A bit of background: the card table and the associated write barrier
An object in the Young Generation could happen to be reachable only from an object in the Old Generation. To avoid collecting live objects, the YG collector must know about any references that were written to the Old Generation area since the last YG collection. This is achieved with a sort of "dirty flag table", called the card table, which has one flag for each block of 512 bytes of heap.
The "ugly" part of the scheme comes when we realize that each and every write of a reference must be accompanied by a card table invariant-maintaining piece of code: the location in the card table which guards the address being written to must be marked as dirty. This piece of code is termed the write barrier.
In specific machine code, this looks as follows:
lea edx, [edi+ebp*4+0x10] ; calculate the heap location to write
mov [edx], ebx ; write the value to the heap location
shr edx, 9 ; calculate the offset into the card table
mov [ecx+edx], ah ; mark the card table entry as dirty
And this is all it takes for the same high-level operation when the value written is primitive:
mov [edx+ebx*4+0x10], ebp
The write barrier appears to contribute "just" one more write, but my measurements show that it causes an order-of-magnitude slowdown. I can't explain this.
UseCondCardMark
just makes it worse
There is a quite obscure JVM flag which is supposed to avoid the card table write if the entry is already marked dirty. This is important primarily in some degenerate cases where a lot of card table writing causes false sharing between threads via CPU caches. Anyway, I tried with that flag on:
with -XX:+UseCondCardMark:
Benchmark Mode Thr Cnt Sec Mean Mean error Units
fillPrimitiveArray avgt 1 6 1 89.913 3.586 nsec/op
fillReferenceArray avgt 1 6 1 1504.123 12.130 nsec/op
Quoting the authoritative answer provided by Vladimir Kozlov at hotspot-compiler-dev
mailing list:
Hi Marko,
For primitive arrays we use handwritten assembler code which use XMM registers as vectors for initialization. For object arrays we did not optimize it because it is not common case. We can improve it similar to what we did for arracopy but we decided leave it for now.
Regards,
Vladimir
I have also wondered why the optimized code is not inlined, and got that answer as well:
The code is not small, so we decided to not inline it. Look on MacroAssembler::generate_fill() in macroAssembler_x86.cpp:
My original answer:
I missed an important bit in the machine code, apparently because I was looking at the On-Stack Replacement version of the compiled method instead of the one used for subsequent calls. It turns out that HotSpot was able to prove that my loop amounts to what a call to Arrays.fill
would have done and replaced the entire loop with a call
instruction to such code. I can't see that function's code, but it probably uses every possible trick, such as MMX instructions, to fill a block of memory with the same 32-bit value.

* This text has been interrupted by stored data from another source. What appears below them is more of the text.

lemma finite_shadowing_imp_finite_order:
  assumes "is_shift_space A X" and "finite_shadowing X dPi shift_map"
  shows "finite_order A X"
proof -
  have XA: "X \<subseteq> full_shift A" and sX: "shift_map ` X \<subseteq> X" and closed: "closedin (prod_top A) X"
    using assms(1) by (auto simp: is_shift_space_def)
  obtain \<delta> where "\<delta> > 0" and \<delta>: "\<forall>N xs. (\<forall>n\<le>N. xs n \<in> X) \<and> (\<forall>n<N. dPi (shift_map (xs n)) (xs (Suc n)) < \<delta>)
      \<longrightarrow> (\<exists>x\<in>X. \<forall>n\<le>N. dPi ((shift_map ^^ n) x) (xs n) < 1)"
    using assms(2)[unfolded finite_shadowing_def, rule_format, OF zero_less_one] by blast
  then obtain K where K: "1 / real (Suc K) < \<delta>"
    using reals_Archimedean unfolding inverse_eq_divide by blast
  have "y \<in> X" if y: "y \<in> full_shift A" "blocks_in X (Suc (Suc K)) y" for y
  proof -
    obtain xs where xs: "\<And>n. xs n \<in> X" "\<And>n. xs n 0 = y n"
      "\<And>n. dPi (shift_map (xs n)) (xs (Suc n)) < 1 / real (Suc K)"
      using blocks_in_shift_pseudo_orbit[OF y(2)] by blast
    have "\<exists>x\<in>X. \<forall>i\<le>M. x i = y i" for M
    proof -
      obtain x where "x \<in> X" "\<forall>n\<le>M. dPi ((shift_map ^^ n) x) (xs n) < 1"
        using \<delta>[rule_format, of M xs] xs(1,3) K by (meson less_trans)
      then show ?thesis
        using xs(2) by (auto simp: dPi_less_one_iff funpow_shift_map)
    qed
    then show "y \<in> X"
      using in_closedin_prod_top_if_prefixes[OF closed y(1)] by blast
  qed
  then have "has_order A X (Suc (Suc K))"
    using has_order_iff_blocks_in[OF XA sX] by blast
  then show ?thesis
    unfolding finite_order_def by blast
qed

theorem proposition2p19:
  fixes A :: "'a set" and X :: "(nat \<Rightarrow> 'a) set"
  assumes "A \<noteq> {}" and "countable A" and "is_shift_space A X"
  shows "(finite_order A X \<longleftrightarrow> shadowing X dPi shift_map)
       \<and> (shadowing X dPi shift_map \<longleftrightarrow> finite_shadowing X dPi shift_map)"
proof -
  have "shift_map ` X \<subseteq> X"
    using assms(3) by (simp add: is_shift_space_def)
  then have "shadowing X dPi shift_map \<Longrightarrow> finite_shadowing X dPi shift_map"
    by (rule shadowing_imp_finite_shadowing) simp_all
  then show ?thesis
    using finite_order_imp_shadowing[OF assms(3)] finite_shadowing_imp_finite_order[OF assms(3)]
    by blast
qed

end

This gave me the idea to measure the actual Arrays.fill
calls. I got more surprise:
Benchmark Mode Thr Cnt Sec Mean Mean error Units
fillPrimitiveArray avgt 1 5 2 155.343 1.318 nsec/op
fillReferenceArray avgt 1 5 2 682.975 17.990 nsec/op
loopFillPrimitiveArray avgt 1 5 2 156.114 0.523 nsec/op
loopFillReferenceArray avgt 1 5 2 682.209 7.047 nsec/op
The results with a loop and with a call to fill
are identical. If anything, this is even more confusing than the results which motivated the question. I would have at least expected fill
to benefit from the same optimization ideas regardless of value type.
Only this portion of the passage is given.